WORK INSTRUCTION: Go through the data below and gather each line containing "positive".

Dataset entries:
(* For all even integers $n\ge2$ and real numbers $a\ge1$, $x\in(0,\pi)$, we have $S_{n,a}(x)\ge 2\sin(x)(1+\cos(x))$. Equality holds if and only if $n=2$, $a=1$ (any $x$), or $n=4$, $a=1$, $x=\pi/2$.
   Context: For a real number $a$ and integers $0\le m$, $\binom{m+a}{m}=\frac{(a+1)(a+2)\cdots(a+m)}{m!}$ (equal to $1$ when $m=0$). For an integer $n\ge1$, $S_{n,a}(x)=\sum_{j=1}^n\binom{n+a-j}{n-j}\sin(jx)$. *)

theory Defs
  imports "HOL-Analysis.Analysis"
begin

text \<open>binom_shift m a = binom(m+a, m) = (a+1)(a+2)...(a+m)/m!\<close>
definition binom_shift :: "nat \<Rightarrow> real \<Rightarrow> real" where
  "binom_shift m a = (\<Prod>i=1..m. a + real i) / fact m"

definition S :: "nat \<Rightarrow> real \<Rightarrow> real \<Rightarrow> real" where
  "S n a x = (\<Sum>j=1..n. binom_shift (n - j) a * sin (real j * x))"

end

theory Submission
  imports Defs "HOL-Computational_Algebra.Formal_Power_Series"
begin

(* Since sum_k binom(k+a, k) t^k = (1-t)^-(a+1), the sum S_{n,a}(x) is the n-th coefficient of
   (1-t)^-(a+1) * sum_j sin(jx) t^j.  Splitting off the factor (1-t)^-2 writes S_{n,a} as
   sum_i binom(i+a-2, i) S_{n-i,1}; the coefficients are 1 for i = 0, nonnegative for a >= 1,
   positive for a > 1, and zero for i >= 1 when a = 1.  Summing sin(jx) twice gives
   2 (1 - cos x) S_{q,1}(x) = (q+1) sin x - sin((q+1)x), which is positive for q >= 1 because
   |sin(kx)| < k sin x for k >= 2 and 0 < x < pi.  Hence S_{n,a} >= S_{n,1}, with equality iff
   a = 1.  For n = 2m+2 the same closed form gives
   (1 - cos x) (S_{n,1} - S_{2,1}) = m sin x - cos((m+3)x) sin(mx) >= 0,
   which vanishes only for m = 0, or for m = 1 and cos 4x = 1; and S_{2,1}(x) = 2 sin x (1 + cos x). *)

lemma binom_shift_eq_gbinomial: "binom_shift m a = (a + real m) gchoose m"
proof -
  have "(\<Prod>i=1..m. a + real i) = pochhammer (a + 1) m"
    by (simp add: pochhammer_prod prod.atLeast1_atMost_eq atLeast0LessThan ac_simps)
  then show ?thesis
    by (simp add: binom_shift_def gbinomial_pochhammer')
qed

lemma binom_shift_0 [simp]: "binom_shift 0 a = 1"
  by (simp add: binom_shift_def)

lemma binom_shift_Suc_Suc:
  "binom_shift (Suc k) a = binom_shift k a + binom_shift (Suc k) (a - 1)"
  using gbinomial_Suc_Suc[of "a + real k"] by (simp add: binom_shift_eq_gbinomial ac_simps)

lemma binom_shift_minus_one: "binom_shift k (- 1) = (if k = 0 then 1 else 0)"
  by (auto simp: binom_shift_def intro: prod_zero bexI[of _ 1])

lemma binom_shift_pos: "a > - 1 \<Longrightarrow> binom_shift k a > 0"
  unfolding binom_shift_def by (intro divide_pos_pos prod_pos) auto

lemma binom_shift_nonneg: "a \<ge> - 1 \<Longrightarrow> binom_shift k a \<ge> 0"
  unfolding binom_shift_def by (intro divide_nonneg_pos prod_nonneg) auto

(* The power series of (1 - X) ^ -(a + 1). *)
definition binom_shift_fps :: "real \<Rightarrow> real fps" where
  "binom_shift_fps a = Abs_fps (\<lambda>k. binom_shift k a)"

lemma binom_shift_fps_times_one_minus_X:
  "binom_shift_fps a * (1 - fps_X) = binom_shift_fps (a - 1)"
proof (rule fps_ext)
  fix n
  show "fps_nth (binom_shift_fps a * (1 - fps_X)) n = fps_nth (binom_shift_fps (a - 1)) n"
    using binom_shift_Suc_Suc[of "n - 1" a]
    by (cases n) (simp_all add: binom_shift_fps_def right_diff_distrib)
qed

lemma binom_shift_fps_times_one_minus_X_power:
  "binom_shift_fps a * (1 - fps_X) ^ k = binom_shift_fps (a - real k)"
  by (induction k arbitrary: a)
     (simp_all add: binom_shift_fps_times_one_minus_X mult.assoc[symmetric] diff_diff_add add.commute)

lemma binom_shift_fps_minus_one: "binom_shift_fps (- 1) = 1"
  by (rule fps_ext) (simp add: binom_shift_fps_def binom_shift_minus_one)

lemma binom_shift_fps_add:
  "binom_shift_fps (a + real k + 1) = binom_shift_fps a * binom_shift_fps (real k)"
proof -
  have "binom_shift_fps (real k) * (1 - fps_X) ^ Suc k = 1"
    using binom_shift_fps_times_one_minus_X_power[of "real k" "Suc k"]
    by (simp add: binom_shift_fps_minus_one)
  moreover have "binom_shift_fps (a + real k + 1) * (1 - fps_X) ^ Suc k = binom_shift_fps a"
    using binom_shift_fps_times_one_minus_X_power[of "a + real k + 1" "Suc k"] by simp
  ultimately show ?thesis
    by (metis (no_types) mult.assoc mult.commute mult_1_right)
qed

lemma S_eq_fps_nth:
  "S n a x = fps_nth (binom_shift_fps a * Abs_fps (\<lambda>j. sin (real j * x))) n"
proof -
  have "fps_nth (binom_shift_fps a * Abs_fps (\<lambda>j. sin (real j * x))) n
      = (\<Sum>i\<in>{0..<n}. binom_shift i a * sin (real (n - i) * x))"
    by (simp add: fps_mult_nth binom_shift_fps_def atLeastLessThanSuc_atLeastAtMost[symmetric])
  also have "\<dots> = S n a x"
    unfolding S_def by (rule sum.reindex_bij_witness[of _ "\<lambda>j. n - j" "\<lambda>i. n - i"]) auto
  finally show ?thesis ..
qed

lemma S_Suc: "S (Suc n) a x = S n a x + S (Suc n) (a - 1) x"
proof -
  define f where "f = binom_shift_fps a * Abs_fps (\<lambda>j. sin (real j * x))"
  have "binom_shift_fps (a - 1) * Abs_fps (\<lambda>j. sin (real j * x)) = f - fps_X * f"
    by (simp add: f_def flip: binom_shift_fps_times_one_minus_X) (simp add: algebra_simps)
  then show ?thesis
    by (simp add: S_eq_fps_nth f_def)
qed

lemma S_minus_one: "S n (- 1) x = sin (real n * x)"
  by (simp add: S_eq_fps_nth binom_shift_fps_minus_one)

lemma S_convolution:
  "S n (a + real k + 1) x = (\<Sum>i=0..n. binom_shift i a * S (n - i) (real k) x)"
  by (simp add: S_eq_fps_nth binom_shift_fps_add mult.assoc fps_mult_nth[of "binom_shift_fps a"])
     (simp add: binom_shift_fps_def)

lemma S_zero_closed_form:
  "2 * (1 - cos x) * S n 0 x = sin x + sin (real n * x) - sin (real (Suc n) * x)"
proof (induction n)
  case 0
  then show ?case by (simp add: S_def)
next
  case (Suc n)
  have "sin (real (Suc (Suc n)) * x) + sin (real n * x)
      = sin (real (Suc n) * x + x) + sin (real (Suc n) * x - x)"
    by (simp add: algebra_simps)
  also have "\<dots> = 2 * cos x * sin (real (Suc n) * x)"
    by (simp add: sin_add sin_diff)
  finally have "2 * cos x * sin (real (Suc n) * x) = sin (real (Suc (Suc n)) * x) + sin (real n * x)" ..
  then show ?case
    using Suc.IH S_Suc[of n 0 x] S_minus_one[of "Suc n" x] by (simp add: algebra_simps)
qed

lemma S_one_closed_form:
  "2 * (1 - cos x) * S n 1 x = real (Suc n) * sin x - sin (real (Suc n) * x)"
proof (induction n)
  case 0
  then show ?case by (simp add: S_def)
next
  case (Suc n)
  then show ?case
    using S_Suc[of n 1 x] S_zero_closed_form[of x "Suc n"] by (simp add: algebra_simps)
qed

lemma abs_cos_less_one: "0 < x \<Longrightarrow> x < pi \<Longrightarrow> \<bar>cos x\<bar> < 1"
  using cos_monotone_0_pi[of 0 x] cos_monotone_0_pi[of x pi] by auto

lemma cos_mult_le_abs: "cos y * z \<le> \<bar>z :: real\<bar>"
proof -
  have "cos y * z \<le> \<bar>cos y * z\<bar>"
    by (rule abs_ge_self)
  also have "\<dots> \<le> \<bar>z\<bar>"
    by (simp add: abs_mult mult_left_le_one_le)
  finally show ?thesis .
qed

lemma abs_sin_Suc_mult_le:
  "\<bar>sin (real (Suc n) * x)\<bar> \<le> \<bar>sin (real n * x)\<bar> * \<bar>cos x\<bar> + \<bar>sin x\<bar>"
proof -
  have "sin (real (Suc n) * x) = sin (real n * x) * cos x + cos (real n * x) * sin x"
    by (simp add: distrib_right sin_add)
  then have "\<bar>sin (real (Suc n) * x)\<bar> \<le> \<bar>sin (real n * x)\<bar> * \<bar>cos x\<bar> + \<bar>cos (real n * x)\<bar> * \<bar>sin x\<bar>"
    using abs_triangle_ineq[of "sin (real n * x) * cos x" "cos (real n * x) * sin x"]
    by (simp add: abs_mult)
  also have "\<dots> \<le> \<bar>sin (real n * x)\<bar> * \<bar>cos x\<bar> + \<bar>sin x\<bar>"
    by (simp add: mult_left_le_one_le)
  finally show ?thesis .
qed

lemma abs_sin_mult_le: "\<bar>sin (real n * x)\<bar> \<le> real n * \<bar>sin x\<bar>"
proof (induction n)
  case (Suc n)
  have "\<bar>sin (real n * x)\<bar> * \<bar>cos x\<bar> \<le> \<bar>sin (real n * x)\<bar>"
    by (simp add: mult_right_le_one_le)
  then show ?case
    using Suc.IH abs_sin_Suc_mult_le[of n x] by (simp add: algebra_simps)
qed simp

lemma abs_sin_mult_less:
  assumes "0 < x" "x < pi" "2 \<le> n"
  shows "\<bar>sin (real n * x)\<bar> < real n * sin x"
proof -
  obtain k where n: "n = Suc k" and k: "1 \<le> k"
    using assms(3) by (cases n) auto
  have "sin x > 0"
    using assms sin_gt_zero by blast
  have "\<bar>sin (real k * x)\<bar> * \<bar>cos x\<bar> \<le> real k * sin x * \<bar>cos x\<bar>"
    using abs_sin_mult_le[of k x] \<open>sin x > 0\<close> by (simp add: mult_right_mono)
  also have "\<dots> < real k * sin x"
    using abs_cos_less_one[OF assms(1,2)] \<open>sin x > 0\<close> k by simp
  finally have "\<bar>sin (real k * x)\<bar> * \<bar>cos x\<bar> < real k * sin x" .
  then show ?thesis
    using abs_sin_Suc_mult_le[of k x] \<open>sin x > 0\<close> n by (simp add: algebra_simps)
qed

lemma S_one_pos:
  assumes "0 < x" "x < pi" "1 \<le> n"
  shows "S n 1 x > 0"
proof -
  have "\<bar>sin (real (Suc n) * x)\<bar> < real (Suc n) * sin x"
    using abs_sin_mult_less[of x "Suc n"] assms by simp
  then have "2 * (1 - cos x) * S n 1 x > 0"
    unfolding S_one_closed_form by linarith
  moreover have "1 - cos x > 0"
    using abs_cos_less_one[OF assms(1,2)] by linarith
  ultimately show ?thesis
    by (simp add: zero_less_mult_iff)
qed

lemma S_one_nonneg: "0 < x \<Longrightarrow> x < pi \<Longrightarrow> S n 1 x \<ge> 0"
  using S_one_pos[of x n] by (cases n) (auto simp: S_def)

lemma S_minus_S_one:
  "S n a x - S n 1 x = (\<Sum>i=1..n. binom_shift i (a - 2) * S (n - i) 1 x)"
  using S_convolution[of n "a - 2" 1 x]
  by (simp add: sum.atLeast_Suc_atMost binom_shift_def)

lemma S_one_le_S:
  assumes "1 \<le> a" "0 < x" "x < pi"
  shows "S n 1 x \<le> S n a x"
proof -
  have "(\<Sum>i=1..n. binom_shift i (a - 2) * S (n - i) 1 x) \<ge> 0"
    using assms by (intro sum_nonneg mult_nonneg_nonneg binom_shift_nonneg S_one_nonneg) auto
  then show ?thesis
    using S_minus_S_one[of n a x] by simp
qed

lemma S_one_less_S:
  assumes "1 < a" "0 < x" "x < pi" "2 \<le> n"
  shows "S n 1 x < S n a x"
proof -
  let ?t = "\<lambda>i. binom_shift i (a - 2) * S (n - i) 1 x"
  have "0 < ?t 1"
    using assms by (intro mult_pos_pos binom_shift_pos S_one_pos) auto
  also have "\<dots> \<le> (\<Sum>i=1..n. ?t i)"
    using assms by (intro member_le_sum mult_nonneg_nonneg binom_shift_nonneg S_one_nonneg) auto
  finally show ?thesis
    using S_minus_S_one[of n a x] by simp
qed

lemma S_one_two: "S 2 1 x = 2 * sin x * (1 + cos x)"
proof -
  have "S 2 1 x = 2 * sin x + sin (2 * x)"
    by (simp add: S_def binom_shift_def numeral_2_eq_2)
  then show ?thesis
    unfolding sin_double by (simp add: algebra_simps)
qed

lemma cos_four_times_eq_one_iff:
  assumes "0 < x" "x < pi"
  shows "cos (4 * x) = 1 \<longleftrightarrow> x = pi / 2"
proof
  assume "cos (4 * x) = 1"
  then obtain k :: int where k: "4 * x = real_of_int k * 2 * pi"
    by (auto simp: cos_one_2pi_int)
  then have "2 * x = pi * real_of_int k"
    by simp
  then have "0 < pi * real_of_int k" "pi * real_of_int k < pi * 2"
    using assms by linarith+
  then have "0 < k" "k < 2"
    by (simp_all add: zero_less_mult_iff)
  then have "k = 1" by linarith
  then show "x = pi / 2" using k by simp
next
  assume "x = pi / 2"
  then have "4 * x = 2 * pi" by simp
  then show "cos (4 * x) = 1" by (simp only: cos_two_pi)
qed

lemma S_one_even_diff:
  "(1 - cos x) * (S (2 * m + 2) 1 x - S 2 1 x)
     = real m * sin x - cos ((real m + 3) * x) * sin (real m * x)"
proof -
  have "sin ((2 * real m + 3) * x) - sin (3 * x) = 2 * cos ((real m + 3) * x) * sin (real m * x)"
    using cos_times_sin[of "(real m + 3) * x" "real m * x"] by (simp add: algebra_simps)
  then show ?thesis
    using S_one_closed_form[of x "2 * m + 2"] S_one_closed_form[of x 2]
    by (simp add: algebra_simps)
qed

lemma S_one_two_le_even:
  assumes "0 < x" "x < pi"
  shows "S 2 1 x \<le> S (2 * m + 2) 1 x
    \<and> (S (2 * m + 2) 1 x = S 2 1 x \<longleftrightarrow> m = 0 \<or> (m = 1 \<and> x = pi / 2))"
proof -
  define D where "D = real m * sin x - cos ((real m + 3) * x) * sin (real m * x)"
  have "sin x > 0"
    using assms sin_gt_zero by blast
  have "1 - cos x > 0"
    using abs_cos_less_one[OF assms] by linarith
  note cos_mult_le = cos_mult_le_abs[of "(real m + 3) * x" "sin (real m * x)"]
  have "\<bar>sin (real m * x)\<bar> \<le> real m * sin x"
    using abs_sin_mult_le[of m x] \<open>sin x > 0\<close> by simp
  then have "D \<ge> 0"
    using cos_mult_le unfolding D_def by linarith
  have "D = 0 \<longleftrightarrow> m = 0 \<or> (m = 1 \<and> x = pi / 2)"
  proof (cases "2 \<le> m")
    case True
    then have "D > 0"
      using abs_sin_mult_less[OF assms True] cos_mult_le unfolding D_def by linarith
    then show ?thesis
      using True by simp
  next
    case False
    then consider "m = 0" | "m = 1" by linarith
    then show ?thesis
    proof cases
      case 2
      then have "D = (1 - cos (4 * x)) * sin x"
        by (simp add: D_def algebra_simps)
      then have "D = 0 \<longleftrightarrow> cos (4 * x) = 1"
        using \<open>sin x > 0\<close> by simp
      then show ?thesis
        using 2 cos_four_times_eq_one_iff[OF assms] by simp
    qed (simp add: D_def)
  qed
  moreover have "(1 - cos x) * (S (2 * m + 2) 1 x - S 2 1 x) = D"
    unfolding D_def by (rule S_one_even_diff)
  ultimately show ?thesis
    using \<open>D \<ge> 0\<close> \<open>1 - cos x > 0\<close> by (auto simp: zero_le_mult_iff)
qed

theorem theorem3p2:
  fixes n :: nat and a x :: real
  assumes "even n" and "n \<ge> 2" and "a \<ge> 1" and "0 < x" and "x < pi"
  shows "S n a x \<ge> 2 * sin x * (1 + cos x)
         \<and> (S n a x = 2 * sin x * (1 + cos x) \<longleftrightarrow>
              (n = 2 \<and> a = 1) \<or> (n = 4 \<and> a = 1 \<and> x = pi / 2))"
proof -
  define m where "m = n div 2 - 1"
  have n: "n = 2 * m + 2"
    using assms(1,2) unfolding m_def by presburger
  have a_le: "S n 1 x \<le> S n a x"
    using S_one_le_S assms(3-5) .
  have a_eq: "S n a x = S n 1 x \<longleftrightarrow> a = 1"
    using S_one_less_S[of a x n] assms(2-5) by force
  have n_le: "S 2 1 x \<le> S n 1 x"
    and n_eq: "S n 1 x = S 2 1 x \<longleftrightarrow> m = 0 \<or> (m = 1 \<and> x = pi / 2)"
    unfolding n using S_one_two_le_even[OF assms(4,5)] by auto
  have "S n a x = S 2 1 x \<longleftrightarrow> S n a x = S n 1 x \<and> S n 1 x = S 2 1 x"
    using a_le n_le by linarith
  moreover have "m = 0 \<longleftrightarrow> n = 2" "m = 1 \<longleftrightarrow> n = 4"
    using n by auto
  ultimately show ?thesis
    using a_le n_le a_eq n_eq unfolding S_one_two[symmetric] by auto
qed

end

COMPLETED EXERCISE:
   positive for a > 1, and zero for i >= 1 when a = 1.  Summing sin(jx) twice gives
   2 (1 - cos x) S_{q,1}(x) = (q+1) sin x - sin((q+1)x), which is positive for q >= 1 because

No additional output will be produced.